In our blog post every Monday we select a reading from the Revised Common Lectionary for the upcoming Sunday, and pair it with a Frederick Buechner reading on the same topic.
Next Sunday we will celebrate the Twenty-second Sunday after Pentecost. Here is this week’s reading from the gospel of Luke:
“And the fact that the dead are raised Moses himself showed, in the story about the bush, where he speaks of the Lord as the God of Abraham, the God of Isaac, and the God of Jacob. Now he is God not of the dead, but of the living; for to him all of them are alive."

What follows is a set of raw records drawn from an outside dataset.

(* Consider the $2\times2\times M$ model described in the context (an analogue of the gonihedric model with cyclic closure in the transverse directions), with real parameters $J_1,J_2,J_3$ and temperature $T>0$. Let $\lambda_{\max}$ be the largest real root of the characteristic equation of the $4\times4$ matrix $\tau$ and $\mu_{\max}$ the largest real root of the characteristic equation of the $3\times3$ matrix $\tau'$ (defined in the context). Then the free energy per site $f(T)=-k_BT\lim_{M\to\infty}\frac{1}{4M}\ln Z_M$ equals $-\frac{k_BT}{4}\ln\lambda_{\max}$, the internal energy per site $u=-T^2\partial_T[f/T]$ equals $k_BT^2\partial_T[\frac14\ln\lambda_{\max}]$, the heat capacity per site $C=\partial_Tu$ equals $2k_BT\partial_T[\frac14\ln\lambda_{\max}]+k_BT^2\partial_T^2[\frac14\ln\lambda_{\max}]$, and the non-percolation probability satisfies $\lim_{M\to\infty}\frac{\ln(Z'_M/Z_M)}{M}=\ln\frac{\mu_{\max}}{\lambda_{\max}}$.
   Context: Sites $t_i^m$, $i\in\{0,1,2,3\}$ (indices mod 4), $m\in\{0,\dots,M-1\}$, cyclically closed in $m$, spins $\sigma_i^m\in\{-1,1\}$. The cube energy is $$\mathcal H^m=-\sum_{r=0}^3\Big(J_1\big[\sigma_r^m\sigma_{r+1}^m+\sigma_r^{m+1}\sigma_{r+1}^{m+1}+\sigma_r^m\sigma_r^{m+1}\big]+J_2\big[\tfrac38\sigma_r^m\sigma_{r+2}^m+\tfrac38\sigma_r^{m+1}\sigma_{r+2}^{m+1}+\sigma_r^m\sigma_{r+1}^{m+1}+\sigma_r^m\sigma_{r-1}^{m+1}\big]+J_3\big[\tfrac{3}{16}\textstyle\prod_i\sigma_i^m+\tfrac{3}{16}\prod_i\sigma_i^{m+1}+\sigma_r^m\sigma_{r+1}^m\sigma_r^{m+1}\sigma_{r+1}^{m+1}\big]\Big),$$ i.e. the couplings $J_{\{t_0^m,t_1^m\}}=J_{\{t_0^{m+1},t_1^{m+1}\}}=J_{\{t_0^m,t_0^{m+1}\}}=J_1$, $\frac83J_{\{t_0^m,t_2^m\}}=\frac83J_{\{t_0^{m+1},t_2^{m+1}\}}=J_{\{t_0^m,t_1^{m+1}\}}=J_{\{t_0^m,t_3^{m+1}\}}=J_2$, $\frac{16}{3}J_{\{t_0^m,\dots,t_3^m\}}=\frac{16}{3}J_{\{t_0^{m+1},\dots,t_3^{m+1}\}}=J_{\{t_0^m,t_1^m,t_0^{m+1},t_1^{m+1}\}}=J_3$, each summed over the four rotations $i\mapsto i+r$. $\mathcal H=\sum_m\mathcal H^m$, $Z_M=\sum_\sigma e^{-\mathcal H/(k_BT)}$ over all $\sigma\in\{-1,1\}^{4M}$; $Z'_M$ is the same sum restricted to configurations with no $m,r$ such that $\sigma_r^m=\sigma_{r+1}^m=-1$. Transfer matrices: index a layer state $(s_0,\dots,s_3)$ by $k=1+\sum_i2^i(1-s_i)/2$; $\theta_{k,l}=\exp(-\mathcal H^m/(k_BT))$ with layer $m$ in state $k$, layer $m+1$ in state $l$. $\tau_{i,j}=\sum_{l\in G_j}\theta_{r_i,l}$, $(r_i)=(1,2,4,6)$, $G_1=\{1,16\}$, $G_2=\{2,3,5,8,9,12,14,15\}$, $G_3=\{4,7,10,13\}$, $G_4=\{6,11\}$; $\tau'_{i,j}=\sum_{l\in G'_j}\theta_{r'_i,l}$, $(r'_i)=(1,2,6)$, $G'_1=\{1\}$, $G'_2=\{2,3,5,9\}$, $G'_3=\{6,11\}$. *)

theory Defs
  imports "HOL-Analysis.Analysis" "Jordan_Normal_Form.Char_Poly"
begin

definition cube_energy :: "real \<Rightarrow> real \<Rightarrow> real \<Rightarrow> (nat \<Rightarrow> real) \<Rightarrow> (nat \<Rightarrow> real) \<Rightarrow> real" where
  "cube_energy J1 J2 J3 a b = - (\<Sum>r<4.
      J1 * (a r * a ((r+1) mod 4) + b r * b ((r+1) mod 4) + a r * b r)
    + J2 * (3/8 * a r * a ((r+2) mod 4) + 3/8 * b r * b ((r+2) mod 4)
            + a r * b ((r+1) mod 4) + a r * b ((r+3) mod 4))
    + J3 * (3/16 * (\<Prod>i<4. a i) + 3/16 * (\<Prod>i<4. b i)
            + a r * a ((r+1) mod 4) * b r * b ((r+1) mod 4)))"

definition configs :: "nat \<Rightarrow> (nat \<times> nat \<Rightarrow> real) set" where
  "configs M = ({..<4} \<times> {..<M}) \<rightarrow>\<^sub>E {-1, 1}"

definition layer :: "nat \<Rightarrow> (nat \<times> nat \<Rightarrow> real) \<Rightarrow> nat \<Rightarrow> (nat \<Rightarrow> real)" where
  "layer M \<sigma> m = (\<lambda>i. \<sigma> (i mod 4, m mod M))"

definition hamiltonian :: "real \<Rightarrow> real \<Rightarrow> real \<Rightarrow> nat \<Rightarrow> (nat \<times> nat \<Rightarrow> real) \<Rightarrow> real" where
  "hamiltonian J1 J2 J3 M \<sigma> =
     (\<Sum>m<M. cube_energy J1 J2 J3 (layer M \<sigma> m) (layer M \<sigma> (m+1)))"

definition partition_fn :: "real \<Rightarrow> real \<Rightarrow> real \<Rightarrow> real \<Rightarrow> nat \<Rightarrow> real \<Rightarrow> real" where
  "partition_fn kB J1 J2 J3 M T =
     (\<Sum>\<sigma>\<in>configs M. exp (- hamiltonian J1 J2 J3 M \<sigma> / (kB * T)))"

definition nonperc_configs :: "nat \<Rightarrow> (nat \<times> nat \<Rightarrow> real) set" where
  "nonperc_configs M = {\<sigma> \<in> configs M.
     \<not> (\<exists>m<M. \<exists>r<4. \<sigma> (r, m) = -1 \<and> \<sigma> ((r+1) mod 4, m) = -1)}"

definition partition_fn' :: "real \<Rightarrow> real \<Rightarrow> real \<Rightarrow> real \<Rightarrow> nat \<Rightarrow> real \<Rightarrow> real" where
  "partition_fn' kB J1 J2 J3 M T =
     (\<Sum>\<sigma>\<in>nonperc_configs M. exp (- hamiltonian J1 J2 J3 M \<sigma> / (kB * T)))"

(* layer state k in {1..16}: k = 1 + sum_i 2^i (1 - s_i)/2, i.e. s_i = -1 iff bit i of k-1 is set *)
definition state_spin :: "nat \<Rightarrow> nat \<Rightarrow> real" where
  "state_spin k i = (if odd ((k - 1) div 2 ^ (i mod 4)) then -1 else 1)"

definition theta :: "real \<Rightarrow> real \<Rightarrow> real \<Rightarrow> real \<Rightarrow> real \<Rightarrow> nat \<Rightarrow> nat \<Rightarrow> real" where
  "theta kB J1 J2 J3 T k l = exp (- cube_energy J1 J2 J3 (state_spin k) (state_spin l) / (kB * T))"

definition rows_tau :: "nat list" where "rows_tau = [1, 2, 4, 6]"
definition groups_tau :: "nat set list" where
  "groups_tau = [{1,16}, {2,3,5,8,9,12,14,15}, {4,7,10,13}, {6,11}]"
definition rows_tau' :: "nat list" where "rows_tau' = [1, 2, 6]"
definition groups_tau' :: "nat set list" where
  "groups_tau' = [{1}, {2,3,5,9}, {6,11}]"

(* tau_{i,j} (1-based in the paper) as a 4x4 matrix with 0-based indices *)
definition tau_mat :: "real \<Rightarrow> real \<Rightarrow> real \<Rightarrow> real \<Rightarrow> real \<Rightarrow> real mat" where
  "tau_mat kB J1 J2 J3 T = mat 4 4 (\<lambda>(i, j).
      \<Sum>l\<in>groups_tau ! j. theta kB J1 J2 J3 T (rows_tau ! i) l)"

definition tau'_mat :: "real \<Rightarrow> real \<Rightarrow> real \<Rightarrow> real \<Rightarrow> real \<Rightarrow> real mat" where
  "tau'_mat kB J1 J2 J3 T = mat 3 3 (\<lambda>(i, j).
      \<Sum>l\<in>groups_tau' ! j. theta kB J1 J2 J3 T (rows_tau' ! i) l)"

definition largest_real_eig :: "real mat \<Rightarrow> real" where
  "largest_real_eig A = Max {x. poly (char_poly A) x = 0}"

definition lambda_max :: "real \<Rightarrow> real \<Rightarrow> real \<Rightarrow> real \<Rightarrow> real \<Rightarrow> real" where
  "lambda_max kB J1 J2 J3 T = largest_real_eig (tau_mat kB J1 J2 J3 T)"

definition mu_max :: "real \<Rightarrow> real \<Rightarrow> real \<Rightarrow> real \<Rightarrow> real \<Rightarrow> real" where
  "mu_max kB J1 J2 J3 T = largest_real_eig (tau'_mat kB J1 J2 J3 T)"

definition free_energy :: "real \<Rightarrow> real \<Rightarrow> real \<Rightarrow> real \<Rightarrow> real \<Rightarrow> real" where
  "free_energy kB J1 J2 J3 T =
     - kB * T * lim (\<lambda>M. ln (partition_fn kB J1 J2 J3 M T) / (4 * real M))"

definition internal_energy :: "real \<Rightarrow> real \<Rightarrow> real \<Rightarrow> real \<Rightarrow> real \<Rightarrow> real" where
  "internal_energy kB J1 J2 J3 T = - (T ^ 2) * deriv (\<lambda>t. free_energy kB J1 J2 J3 t / t) T"

definition heat_capacity :: "real \<Rightarrow> real \<Rightarrow> real \<Rightarrow> real \<Rightarrow> real \<Rightarrow> real" where
  "heat_capacity kB J1 J2 J3 T = deriv (internal_energy kB J1 J2 J3) T"

end

(*
  The transfer matrix Theta = (theta k l) on the 16 layer states is strictly positive, and
  Z_M = tr (Theta ^ M) (resp. Z'_M, for the restriction of Theta to the 7 non-percolating states).
  A positive eigenvector v of Theta with eigenvalue r squeezes the diagonal of Theta ^ (n + 1)
  between constant multiples of r ^ n, so ln Z_M / M tends to ln r.  Rotating a layer and flipping
  all its spins leave the cube energy invariant, and the groups G_j (resp. G'_j) are the orbits of
  these symmetries; hence the row sums of Theta over a group depend only on the group of the row,
  and a positive eigenvector of tau (resp. tau') lifts to one of Theta.  By the Perron-Frobenius
  argument the corresponding eigenvalue is the largest real root lambda_max (resp. mu_max) of the
  characteristic polynomial.  This root is simple (Jacobi's formula), so implicit differentiation
  shows that lambda_max is differentiable in T with a differentiable derivative, which yields the
  formulas for the internal energy and the heat capacity.
*)
theory Submission
  imports Defs
begin

section \<open>Perron--Frobenius theory for positive matrices\<close>

definition positive_eigenvector :: "nat \<Rightarrow> (nat \<Rightarrow> nat \<Rightarrow> real) \<Rightarrow> real \<Rightarrow> (nat \<Rightarrow> real) \<Rightarrow> bool" where
  "positive_eigenvector n a r v \<longleftrightarrow> (\<forall>i<n. v i > 0) \<and> (\<forall>i<n. (\<Sum>j<n. a i j * v j) = r * v i)"

no_notation vec_index (infixl \<open>$\<close> 100)

lemma probability_simplex_compact_convex:
  defines "S \<equiv> {x::real^'n. (\<forall>i. 0 \<le> x$i) \<and> (\<Sum>i\<in>UNIV. x$i) = 1}"
  shows "compact S" and "convex S" and "S \<noteq> {}"
proof -
  have "bounded S"
    unfolding bounded_iff
  proof (intro exI ballI)
    fix x assume x: "x \<in> S"
    have "norm x \<le> (\<Sum>i\<in>UNIV. \<bar>x$i\<bar>)" by (rule norm_le_l1_cart)
    also have "\<dots> = 1" using x by (auto simp: S_def)
    finally show "norm x \<le> 1" .
  qed
  moreover have "closed S"
    unfolding S_def
    by (intro closed_Collect_conj closed_Collect_all closed_Collect_le closed_Collect_eq continuous_intros)
  ultimately show "compact S" by (simp add: compact_eq_bounded_closed)
  show "convex S"
    unfolding convex_def
  proof (intro ballI allI impI)
    fix x y :: "real^'n" and u v :: real
    assume x: "x \<in> S" and y: "y \<in> S" and uv: "0 \<le> u" "0 \<le> v" "u + v = 1"
    have "(\<Sum>i\<in>UNIV. (u *\<^sub>R x + v *\<^sub>R y)$i) = u * (\<Sum>i\<in>UNIV. x$i) + v * (\<Sum>i\<in>UNIV. y$i)"
      by (simp add: sum.distrib sum_distrib_left)
    also have "\<dots> = 1" using x y uv by (simp add: S_def)
    finally show "u *\<^sub>R x + v *\<^sub>R y \<in> S" using x y uv by (simp add: S_def)
  qed
  have "(\<chi> i. 1 / real CARD('n)) \<in> S" by (simp add: S_def)
  then show "S \<noteq> {}" by blast
qed

lemma positive_matrix_mult_simplex_pos:
  fixes a :: "'n::finite \<Rightarrow> 'n \<Rightarrow> real"
  assumes pos: "\<And>i j. a i j > 0" and nonneg: "\<forall>j. 0 \<le> x$j" and sum1: "(\<Sum>j\<in>UNIV. x$j) = 1"
  shows "(\<Sum>j\<in>UNIV. a i j * x$j) > 0"
proof -
  obtain j0 where j0: "x$j0 > 0"
  proof (rule ccontr)
    assume "\<not> thesis"
    with that have "\<forall>j. x$j \<le> 0" by (meson not_le)
    then have "(\<Sum>j\<in>UNIV. x$j) \<le> 0" by (simp add: sum_nonpos)
    with sum1 show False by simp
  qed
  have "a i j0 * x$j0 \<le> (\<Sum>j\<in>UNIV. a i j * x$j)"
    by (rule member_le_sum) (auto intro!: mult_nonneg_nonneg less_imp_le[OF pos] simp: nonneg)
  moreover have "a i j0 * x$j0 > 0" using pos j0 by simp
  ultimately show ?thesis by linarith
qed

Here is an excerpt from The Son of Laughter:
"Your god will doubtless care for you in death as generously,” the king said to Joseph as they stood in the darkness lit only by the guttering torches of the servants, "because you are the friend of the king and have been given the king's ring with his seal upon it and great power over all of the Black Land". Joseph thought of his mother's spent body buried, unbandaged, on the road they had been traveling with only a pillar no taller than a tall man to mark it and of the body of his grandfather Isaac lying under stones near the bodies of Abraham, Isaac's father, and Sarah, his mother, where Joseph's father and Esau had placed it with no treasure of any kind to bring him comfort and only the two ash cakes for food which Esau had placed under his two arms. His father had told him that he heard it said that the dead move like shadows. They dwell, thirsting for light, deeper than the feet of mountains in a land where no light falls. Did the Fear remember them there, Joseph wondered. Did the Fear have a silver boat for sailing them to blessedness, a golden boat like Ra?
"My god is a god of those who are alive," Joseph said to the king.
The chamber where they stood smelled of the cool stone and the burning pitch of the servants' torches.
"He makes us no promises about death," Joseph said. "He makes us promises about life. I do not know what he promises to the dead if he promises them anything.”